--- PROBLEM DESCRIPTION ---
Repeat only the lines below from the one containing "by (rule card_MI_eq_sum_card_perm_class)" through the one containing "powr \<alpha>) * a j))", inclusive, exactly as written.

(Records contained in a dataset)
-------

lemma diagonal_constant_le:
  fixes m :: nat
  assumes "m \<ge> 1"
  shows "2 powr ((real m + 1) / (2 * real m)) * real (m * m + 1) powr (1 - (real m + 1) / (2 * real m))
    \<le> 4 * real m"
proof -
  define \<alpha> where "\<alpha> = (real m + 1) / (2 * real m)"
  have m: "real m \<ge> 1" using assms by simp
  have "2 powr \<alpha> \<le> 2 powr 1"
    unfolding \<alpha>_def using m by (intro powr_mono) (auto simp: divide_simps)
  then have two: "2 powr \<alpha> \<le> 2" by simp
  have "real (m * m + 1) powr (1 - \<alpha>) \<le> real (m * m + 1) powr (1 / 2)"
    unfolding \<alpha>_def using m by (intro powr_mono) (auto simp: divide_simps)
  also have "\<dots> = sqrt (real (m * m + 1))" by (simp add: powr_half_sqrt)
  also have "\<dots> \<le> sqrt ((2 * real m) ^ 2)"
  proof (intro real_sqrt_le_mono)
    have "1 \<le> real m * real m" using m mult_mono[of 1 "real m" 1 "real m"] by simp
    then show "real (m * m + 1) \<le> (2 * real m) ^ 2" by (simp add: power2_eq_square)
  qed
  also have "\<dots> = 2 * real m" by (rule real_sqrt_unique) (use m in auto)
  finally have "real (m * m + 1) powr (1 - \<alpha>) \<le> 2 * real m" .
  with two have "2 powr \<alpha> * real (m * m + 1) powr (1 - \<alpha>) \<le> 2 * (2 * real m)"
    by (intro mult_mono) auto
  then show ?thesis unfolding \<alpha>_def by simp
qed

lemma lorentz_norm_diagonal_le:
  fixes a :: "nat list \<Rightarrow> complex"
  assumes m: "m \<ge> 1" and sym: "symmetric_mat m n a"
  shows "lorentz_norm (2 * real m / (real m + 1)) (JI m n)
           (\<lambda>j. complex_of_real (real (card (perm_class m n j)) powr ((real m + 1) / (2 * real m))) * a j)
         \<le> 4 * real m * lorentz_norm (2 * real m / (real m + 1)) (MI m n) a"
proof -
  define p where "p = 2 * real m / (real m + 1)"
  define \<alpha> where "\<alpha> = (real m + 1) / (2 * real m)"
  define c where "c j = card (perm_class m n j)" for j
  define x where "x j = cmod (a j)" for j
  define K where "K = 2 powr \<alpha> * real (m * m + 1) powr (1 - \<alpha>)"
  have p: "0 < p" and \<alpha>: "0 < \<alpha>" "\<alpha> \<le> 1" and p_\<alpha>: "1 / p = \<alpha>"
    using m by (auto simp: p_def \<alpha>_def divide_simps)
  have c: "0 < c j \<and> c j < 2 ^ (m * m + 1)" if "j \<in> JI m n" for j
  proof -
    have "j \<in> MI m n" using that JI_subset_MI by blast
    then have "0 < c j" "c j \<le> 2 ^ (m * m)"
      unfolding c_def by (auto intro: card_perm_class_pos card_perm_class_le)
    then show ?thesis by simp
  qed
  have count: "real (\<Sum>j\<in>{j\<in>JI m n. x j > s}. c j) = real (card {i\<in>MI m n. x i > s})" for s
  proof -
    have "card {i\<in>MI m n. x i > s} = (\<Sum>j\<in>{j\<in>JI m n. x j > s}. c j)"
      unfolding c_def
      by (rule card_MI_eq_sum_card_perm_class) (simp add: x_def symmetric_mat_sort[OF sym])
    then show ?thesis by simp
  qed
  have "ennreal (lorentz_norm p (JI m n) (\<lambda>j. complex_of_real (real (c j) powr \<alpha>) * a j))
      = halfline_integral (\<lambda>t. real (card {j\<in>JI m n. real (c j) powr \<alpha> * x j > t}) powr \<alpha>)"
    using lorentz_norm_layer_cake[OF finite_JI p] by (simp add: p_\<alpha> x_def norm_mult)
  also have "\<dots> \<le> ennreal K * halfline_integral (\<lambda>s. real (\<Sum>j\<in>{j\<in>JI m n. x j > s}. c j) powr \<alpha>)"
    unfolding K_def using c
    by (intro halfline_integral_dyadic_decomposition[OF finite_JI \<alpha>]) (auto simp: x_def)
  also have "\<dots> = ennreal K * halfline_integral (\<lambda>s. real (card {i\<in>MI m n. x i > s}) powr \<alpha>)"
    unfolding count ..
  also have "\<dots> = ennreal K * ennreal (lorentz_norm p (MI m n) a)"
    using lorentz_norm_layer_cake[OF finite_MI p] by (simp add: p_\<alpha> x_def)
  also have "\<dots> = ennreal (K * lorentz_norm p (MI m n) a)"
    using lorentz_norm_nonneg[OF finite_MI p] by (simp add: K_def ennreal_mult)
  finally have "lorentz_norm p (JI m n) (\<lambda>j. complex_of_real (real (c j) powr \<alpha>) * a j)
      \<le> K * lorentz_norm p (MI m n) a"
    using lorentz_norm_nonneg[OF finite_MI p] by (simp add: K_def ennreal_le_iff)
  also have "\<dots> \<le> 4 * real m * lorentz_norm p (MI m n) a"
    using diagonal_constant_le[OF m] lorentz_norm_nonneg[OF finite_MI p]
    unfolding K_def \<alpha>_def by (rule mult_right_mono)
  finally show ?thesis unfolding p_def \<alpha>_def c_def .
qed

-------

--- TASK OUTPUT ---
      by (rule card_MI_eq_sum_card_perm_class) (simp add: x_def symmetric_mat_sort[OF sym])
    then show ?thesis by simp
  qed
  have "ennreal (lorentz_norm p (JI m n) (\<lambda>j. complex_of_real (real (c j) powr \<alpha>) * a j))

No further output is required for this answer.